On a net basis, the company's loss narrowed to $1.4 million, or 3 cents per share, in the fourth quarter ended Feb. 28 from $39.2 million, or 83 cents per share, a year earlier, when costs from a failed merger with Genesco Inc (GCO.N) hurt results.
Excluding items in the latest quarter, profit was 36 cents per share, topping the analysts' average forecast of 34 cents, according to Reuters Estimates.
Net sales fell 4.9 percent to $364.1 million as same-store sales, a key measure of retail performance, fell 3.9 percent.

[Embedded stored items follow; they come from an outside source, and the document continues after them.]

(* Let $(T,\rho,\tau)$ be the multi-type Galton–Watson hypertree, $W^\pm_t$ the number of generation-$t$ vertices with spin $\pm1$, $\mathcal G_t$ the $\sigma$-algebra generated by $W^{\pm}_k$, $k\le t$, and $M_t=\alpha^{-t}(W_t^++W_t^-)$, $\Delta_t=\beta^{-t}(W_t^+-W_t^-)$. Then $\{M_t\}$ and $\{\Delta_t\}$ are $\mathcal G_t$-martingales. If $\beta^2>\alpha>1$, then $\{M_t\}$ and $\{\Delta_t\}$ are uniformly integrable, and the martingale $\{\Delta_t\}$ converges almost surely and in $L^2$ to a random variable $\Delta_\infty$ with $\mathbb E\Delta_\infty=1$ and finite variance, and $\lim_{t\to\infty}\mathbb E|\Delta_t^2-\Delta_\infty^2|=0$.
   Context: Fix an integer $d\ge3$ and constants $a\ge b>0$; $\alpha=(d-1)\frac{a+(2^{d-1}-1)b}{2^{d-1}}$, $\beta=(d-1)\frac{a-b}{2^{d-1}}$. Multi-type Galton–Watson hypertree $(T,\rho,\tau)$: the root $\rho$ (generation 0) has spin $\tau(\rho)=+1$. Recursively, each vertex $v$ of generation $t$ independently receives $\mathrm{Pois}(\alpha/(d-1))$ new hyperedges, each consisting of $v$ and $d-1$ new vertices (children of $v$, generation $t+1$), pairwise intersecting only at $v$. Each such hyperedge independently gets a type $r\in\{0,\dots,d-1\}$: type $d-1$ with probability $\frac{(d-1)a}{\alpha2^{d-1}}$ and type $r\le d-2$ with probability $\frac{(d-1)b\binom{d-1}{r}}{\alpha2^{d-1}}$; in a type-$r$ hyperedge a uniformly random set of $r$ of the $d-1$ children get spin $\tau(v)$ and the rest get $-\tau(v)$. *)

theory Defs
  imports "HOL-Probability.Probability"
begin

definition gw_alpha :: "nat \<Rightarrow> real \<Rightarrow> real \<Rightarrow> real" where
  "gw_alpha d a b = (real d - 1) * (a + (2 ^ (d - 1) - 1) * b) / 2 ^ (d - 1)"

definition gw_beta :: "nat \<Rightarrow> real \<Rightarrow> real \<Rightarrow> real" where
  "gw_beta d a b = (real d - 1) * (a - b) / 2 ^ (d - 1)"

definition edge_type_pmf :: "nat \<Rightarrow> real \<Rightarrow> real \<Rightarrow> nat pmf" where
  "edge_type_pmf d a b = embed_pmf (\<lambda>r.
     if r = d - 1 then (real d - 1) * a / (gw_alpha d a b * 2 ^ (d - 1))
     else if r \<le> d - 2 then (real d - 1) * b * real ((d - 1) choose r) / (gw_alpha d a b * 2 ^ (d - 1))
     else 0)"

fun iid_sum :: "nat \<Rightarrow> (nat \<times> nat) pmf \<Rightarrow> (nat \<times> nat) pmf" where
  "iid_sum 0 D = return_pmf (0, 0)"
| "iid_sum (Suc n) D = D \<bind> (\<lambda>x. iid_sum n D \<bind> (\<lambda>y. return_pmf (fst x + fst y, snd x + snd y)))"

text \<open>Counts (children with the same spin, children with opposite spin) produced by one
  hyperedge: a type-r hyperedge has r children with the parent's spin and d-1-r with the
  opposite spin.\<close>
definition edge_same_opp :: "nat \<Rightarrow> real \<Rightarrow> real \<Rightarrow> (nat \<times> nat) pmf" where
  "edge_same_opp d a b = map_pmf (\<lambda>r. (r, d - 1 - r)) (edge_type_pmf d a b)"

definition offspring_same_opp :: "nat \<Rightarrow> real \<Rightarrow> real \<Rightarrow> (nat \<times> nat) pmf" where
  "offspring_same_opp d a b =
     poisson_pmf (gw_alpha d a b / (real d - 1)) \<bind> (\<lambda>N. iid_sum N (edge_same_opp d a b))"

text \<open>Transition law of (W+_t, W-_t) -> (W+_{t+1}, W-_{t+1}): every vertex of generation t
  reproduces independently; a +1 vertex's same-spin children are +1, a -1 vertex's same-spin
  children are -1.\<close>
definition gw_step :: "nat \<Rightarrow> real \<Rightarrow> real \<Rightarrow> nat \<times> nat \<Rightarrow> (nat \<times> nat) pmf" where
  "gw_step d a b w =
     iid_sum (fst w) (offspring_same_opp d a b) \<bind> (\<lambda>x.
     iid_sum (snd w) (map_pmf (\<lambda>(x1, x2). (x2, x1)) (offspring_same_opp d a b)) \<bind> (\<lambda>y.
     return_pmf (fst x + fst y, snd x + snd y)))"

text \<open>W is a realisation of the spin-count process (W+_t, W-_t)_t of the hypertree with root
  spin +1: W 0 = (1,0) and, given the history, the next generation has law gw_step.\<close>
definition is_gw_count_process ::
  "nat \<Rightarrow> real \<Rightarrow> real \<Rightarrow> 'w measure \<Rightarrow> (nat \<Rightarrow> 'w \<Rightarrow> nat \<times> nat) \<Rightarrow> bool" where
  "is_gw_count_process d a b M W \<longleftrightarrow>
     prob_space M \<and>
     (\<forall>t. W t \<in> M \<rightarrow>\<^sub>M count_space UNIV) \<and>
     (\<forall>\<omega>\<in>space M. W 0 \<omega> = (1, 0)) \<and>
     (\<forall>t (h :: nat \<Rightarrow> nat \<times> nat) s.
        measure M {\<omega>\<in>space M. (\<forall>k\<le>t. W k \<omega> = h k) \<and> W (Suc t) \<omega> = s}
        = measure M {\<omega>\<in>space M. \<forall>k\<le>t. W k \<omega> = h k} * pmf (gw_step d a b (h t)) s)"

definition gen_filtration :: "'w measure \<Rightarrow> (nat \<Rightarrow> 'w \<Rightarrow> 'b) \<Rightarrow> nat \<Rightarrow> 'w measure" where
  "gen_filtration M W t = sigma (space M) {W k -` A \<inter> space M | k A. k \<le> t}"

definition martingale :: "'w measure \<Rightarrow> (nat \<Rightarrow> 'w measure) \<Rightarrow> (nat \<Rightarrow> 'w \<Rightarrow> real) \<Rightarrow> bool" where
  "martingale M F X \<longleftrightarrow>
     (\<forall>t. subalgebra M (F t) \<and> sets (F t) \<subseteq> sets (F (Suc t)) \<and>
          X t \<in> borel_measurable (F t) \<and> integrable M (X t) \<and>
          (AE \<omega> in M. real_cond_exp M (F t) (X (Suc t)) \<omega> = X t \<omega>))"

Indianapolis-based Finish Line has been paring back its inventory and cutting costs to offset a slump in consumer spending that has hurt mall-based chain stores.
The company operates more than 700 U.S. stores that primarily sell footwear from vendors such as Nike Inc (NKE.N) and Adidas AG (ADSG.DE), but also clothing and accessories.
Earlier this week, the retailer named Ed Wilhelm its new chief financial officer. He was previously CFO at bookseller Borders Group Inc (BGP.N). (Reporting by Martinne Geller in New York and Alexandria Sage in San Francisco; Editing by Lisa Von Ahn)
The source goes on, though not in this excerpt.